Once more Daniel was terrified, remained silent, and fixed his eyes on the ground, until one like the sons of men touched his lips, and then he spoke to apologise for his timidity and faintheartedness.

A third time the vision touched, strengthened, blessed him, and bade him be strong. "Knowest thou," the angel asked, "why I am come to thee? I must return to fight against the Prince of Persia, and while I am gone the Prince of Greece (Javan) will come. I will, however, tell thee what is announced in the writing of truth, the book of the decrees of heaven, though there is no one to help me against these hostile princes of Persia and Javan, except Michael your prince."

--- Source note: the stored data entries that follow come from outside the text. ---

lemma smoothness_pair_bound:
  fixes mu :: "'a measure" and x y :: "'a \<Rightarrow> real" and \<tau> :: real
  defines "S \<equiv> (\<integral>w. taylor_maj (\<tau> * y w) \<partial>mu) + (\<integral>w. taylor_maj ((1440 * \<tau>) * x w) \<partial>mu)"
  assumes P: "prob_space mu" and x: "integrable mu x" and y: "integrable mu y"
    and nx: "lux_norm mu x = 1" and ny: "lux_norm mu y = 1"
    and \<tau>: "0 < \<tau>" "\<tau> \<le> 1/2880" and S_small: "S \<le> \<tau>"
  shows "(lux_norm mu (\<lambda>w. x w + \<tau> * y w) + lux_norm mu (\<lambda>w. x w - \<tau> * y w)) / 2 - 1 \<le> 1152 * S"
proof -
  define kap where "kap = (\<integral>w. orl_dM (x w) * x w \<partial>mu)"
  define L where "L = (\<integral>w. orl_dM (x w) * y w \<partial>mu)"
  define eps where "eps c = (c * L + 24 * S) / kap" for c
  have Ix: "1/48 \<le> orl_modular mu x" "orl_modular mu x \<le> 1"
    using orl_modular_ge[OF x] orl_modular_le_one[OF x] nx by auto
  have kap: "1/48 \<le> kap" using Ix orl_modular_le_pairing[OF x] unfolding kap_def by simp
  have "L1_norm mu y \<le> 1" using L1_norm_le_one[OF P y] orl_modular_le_one[OF y] ny by simp
  then have L: "\<bar>L\<bar> \<le> 6" unfolding L_def by (rule pairing_bound[OF x y])
  have S: "0 \<le> S" unfolding S_def by (simp add: integral_nonneg taylor_maj_nonneg)
  have eps_small: "\<bar>eps c\<bar> \<le> 1/2" "\<bar>eps c\<bar> \<le> 1440 * \<tau>" if "\<bar>c\<bar> = \<tau>" for c
  proof -
    show "\<bar>eps c\<bar> \<le> 1440 * \<tau>" unfolding eps_def by (rule perturbation_size[OF L kap S S_small that])
    then show "\<bar>eps c\<bar> \<le> 1/2" using \<tau> by simp
  qed
  have "lux_norm mu (\<lambda>w. x w + c * y w) \<le> 1 + eps c" if "\<bar>c\<bar> = \<tau>" for c
  proof (rule lux_norm_perturbation[OF x y Ix _ _ eps_small[OF that]])
    show "eps c * (\<integral>w. orl_dM (x w) * x w \<partial>mu) = c * (\<integral>w. orl_dM (x w) * y w \<partial>mu)
            + 24 * ((\<integral>w. taylor_maj (\<tau> * y w) \<partial>mu) + (\<integral>w. taylor_maj ((1440 * \<tau>) * x w) \<partial>mu))"
      using kap unfolding eps_def kap_def L_def S_def by simp
  qed (use that in simp)
  from this[of \<tau>] this[of "-\<tau>"] \<tau>
  have "(lux_norm mu (\<lambda>w. x w + \<tau> * y w) + lux_norm mu (\<lambda>w. x w - \<tau> * y w)) / 2 - 1
          \<le> (eps \<tau> + eps (-\<tau>)) / 2" by (simp add: field_simps)
  also have "\<dots> = 24 * S / kap" unfolding eps_def add_divide_distrib[symmetric] by (simp add: algebra_simps)
  also have "\<dots> \<le> 24 * S / (1/48)" using kap S by (intro divide_left_mono) auto
  finally show ?thesis by simp
qed

lemma rho_mod_le_remainder:
  assumes P: "prob_space mu" and Xint: "X \<subseteq> {f. integrable mu f}"
    and \<Phi>: "\<And>g s. g \<in> X \<Longrightarrow> L1_norm mu g \<le> 1 \<Longrightarrow> 0 < s \<Longrightarrow> s \<le> s0
               \<Longrightarrow> (\<integral>w. taylor_maj (s * g w) \<partial>mu) \<le> \<Phi> s"
    and \<tau>: "0 < \<tau>" "1440 * \<tau> \<le> s0" "\<tau> \<le> 1/2880" and small: "\<Phi> \<tau> + \<Phi> (1440 * \<tau>) \<le> \<tau>"
  shows "rho_mod mu X \<tau> \<le> ereal (1152 * (\<Phi> \<tau> + \<Phi> (1440 * \<tau>)))"
  unfolding rho_mod_def
proof (rule Sup_least, safe)
  fix x y assume xX: "x \<in> X" and yX: "y \<in> X" and nx: "lux_norm mu x = 1" and ny: "lux_norm mu y = 1"
  have x: "integrable mu x" and y: "integrable mu y" using xX yX Xint by auto
  have "L1_norm mu x \<le> 1" "L1_norm mu y \<le> 1"
    using L1_norm_le_one[OF P x orl_modular_le_one[OF x]] L1_norm_le_one[OF P y orl_modular_le_one[OF y]]
      nx ny by auto
  then have "(\<integral>w. taylor_maj (\<tau> * y w) \<partial>mu) + (\<integral>w. taylor_maj ((1440 * \<tau>) * x w) \<partial>mu)
               \<le> \<Phi> \<tau> + \<Phi> (1440 * \<tau>)"
    using \<Phi>[OF yX, of \<tau>] \<Phi>[OF xX, of "1440 * \<tau>"] \<tau> by (intro add_mono) auto
  with smoothness_pair_bound[OF P x y nx ny \<tau>(1,3)] small
  show "ereal ((lux_norm mu (\<lambda>w. x w + \<tau> * y w) + lux_norm mu (\<lambda>w. x w - \<tau> * y w)) / 2 - 1)
          \<le> ereal (1152 * (\<Phi> \<tau> + \<Phi> (1440 * \<tau>)))" by simp
qed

The difficulties of the chapter are, as we have said, of a kind that the expositor cannot easily remove. I have given what appears to be the general sense. The questions which the vision raises bear on matters of angelology, as to which all is purposely left vague and indeterminate, or which lie in a sphere wholly beyond our cognisance.

It may first be asked whether the splendid angel of the opening vision is also the being in the similitude of a man who thrice touches, encourages, and strengthens Daniel. It is perhaps simplest to suppose that this is the case, and that the Great Prince tones down his overpowering glory to more familiar human semblance in order to dispel the terrors of the seer.

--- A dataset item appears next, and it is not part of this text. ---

(* If a simple protocol $\Pi$ with $m$ memory states is not parsimonious, then there exists a parsimonious protocol $\Pi'$ with at most $m$ memory states such that $U^R(\Pi)\le U^R(\Pi')$.
   Context: Setting. The state of nature is $\theta\in\Theta=\{H,L\}$ with prior $\Pr(\theta=H)=p\in(0,1)$. A sender privately observes $\theta$; a receiver does not. $S$ is a finite signal set; conditional on $\theta$, signals are i.i.d. with distribution $\pi_\theta$ on $S$, where $\pi_\theta(s)>0$ for all $s\in S,\theta\in\Theta$, and $\pi_H\neq\pi_L$. The receiver has a finite set of memory states $M$ and chooses a protocol $\Pi=(f,g,a)$: a transition function $f:M\times S\to\Delta(M)$ ($f(i,s)(j)$ is the probability of moving from memory state $i$ to $j$ after signal $s$), an initial distribution $g\in\Delta(M)$ of $m_0$, and an action rule $a:M\to[0,1]$ (probability of action $H$ if the game ends in that memory state). A sender strategy is $\sigma:M\times\Theta\to[0,1]$, the probability of stopping in the current memory state given $\theta$. Timing: $m_0\sim g$; in each period $t=0,1,\dots$, with current memory state $m_t$, the game ends if $m_t$ is absorbing ($f(m_t,s)(m_t)=1$ for all $s$); otherwise the sender stops with probability $\sigma(m_t,\theta)$, ending the game; if not stopped, a signal $s_t\sim\pi_\theta$ is generated and $m_{t+1}\sim f(m_t,s_t)$. When the game ends in state $m_t$ the receiver takes action $H$ with probability $a(m_t)$ and $L$ otherwise. The receiver's payoff is $1$ if the action equals $\theta$ and $0$ otherwise; the sender's payoff is $1$ if the action is $H$ and $0$ otherwise; there is no discounting; if the game never ends both get $0$. $U^S(\Pi,\sigma),U^R(\Pi,\sigma)$ denote expected payoffs, $\mathrm{br}(\Pi)=\arg\sup_\sigma U^S(\Pi,\sigma)$ is the set of sender best responses, and $U^R(\Pi):=U^R(\Pi,\sigma)$ for $\sigma\in\mathrm{br}(\Pi)$. Since $\pi_\theta$ has full support, which transitions $i\to j$ have positive probability does not depend on $\theta$; the terms absorbing, transient, recurrent communicating class applied to $\Pi$ refer to the Markov chain on $M$ induced by $f$ with signals drawn from $\pi_\theta$ (sender never stopping), and mean the same for both $\theta$. A protocol is simple if it has exactly two absorbing memory states and all other memory states are transient. A protocol is parsimonious if (i) it has exactly two absorbing memory states, one in which $a=0$ and one in which $a=1$, and (ii) all other memory states are transient with $a=0$. *)

theory Defs
  imports Complex_Main
begin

The general conception of the archangels as princes of the nations, and as contending with each other, belongs to the later developments of Hebrew opinion on such subjects. Some have supposed that the "princes" of Persia and Javan, to whom Gabriel and Michael are opposed, are not good angels, but demoniac powers, -"the world-rulers of this darkness"-subordinate to the evil spirit whom St. Paul does not hesitate to call "the god of this world," and "the prince of the powers of the air." This is how they account for this "war in heaven," so that "the dragon and his angels" fight against "Michael and his angels." Be that as it may, this mode of presenting the guardians of the destinies of nations is one respecting which we have no further gleams of revelation to help us.

Ewald regards the two last verses of the chapter as a sort of soliloquy of the angel Gabriel with himself. He is pressed for time. His coming had already been delayed by the opposition of the guardian power of the destinies of Persia. If Michael, the great archangel of the Hebrews, had not come to his aid, and (so to speak) for a time relieved guard, he would have been unable to come. But even the respite leaves him anxious. He seems to feel it almost necessary that he should at once return to contend against the Prince of Persia, and against a new adversary, the Prince of Javan, who is on his way to do mischief. Yet on the whole he will stay and enlighten Daniel before he takes his flight, although there is no one but Michael who aids him against these menacing princes. It is difficult to know whether this is meant to be ideal or real-whether it represents a struggle of angels against demons, or is merely meant for a sort of parable which represents the to-and-fro conflicting impulses which sway the destinies of earthly kingdoms. In any case the representation is too unique and too remote from earth to enable us to understand its spiritual meaning, beyond the bare indication that God sitteth above the water-floods and God remaineth a king for ever. It is another way of showing us that the heathen rage, and the people imagine a vain thing; that the kings of the earth set themselves and the rulers take counsel together; but that they can only accomplish what God’s hand and God’s counsel have predetermined to be done; and that when they attempt to overthrow the destinies which God has foreordained, "He that sitteth in the heavens shall laugh them to scorn, the Lord shall have them in derision." These, apart from all complications or developments of angelology or demonology, are the continuous lesson of the Word of God, and are confirmed by all that we decipher of His providence in His ways of dealing with nations and with men.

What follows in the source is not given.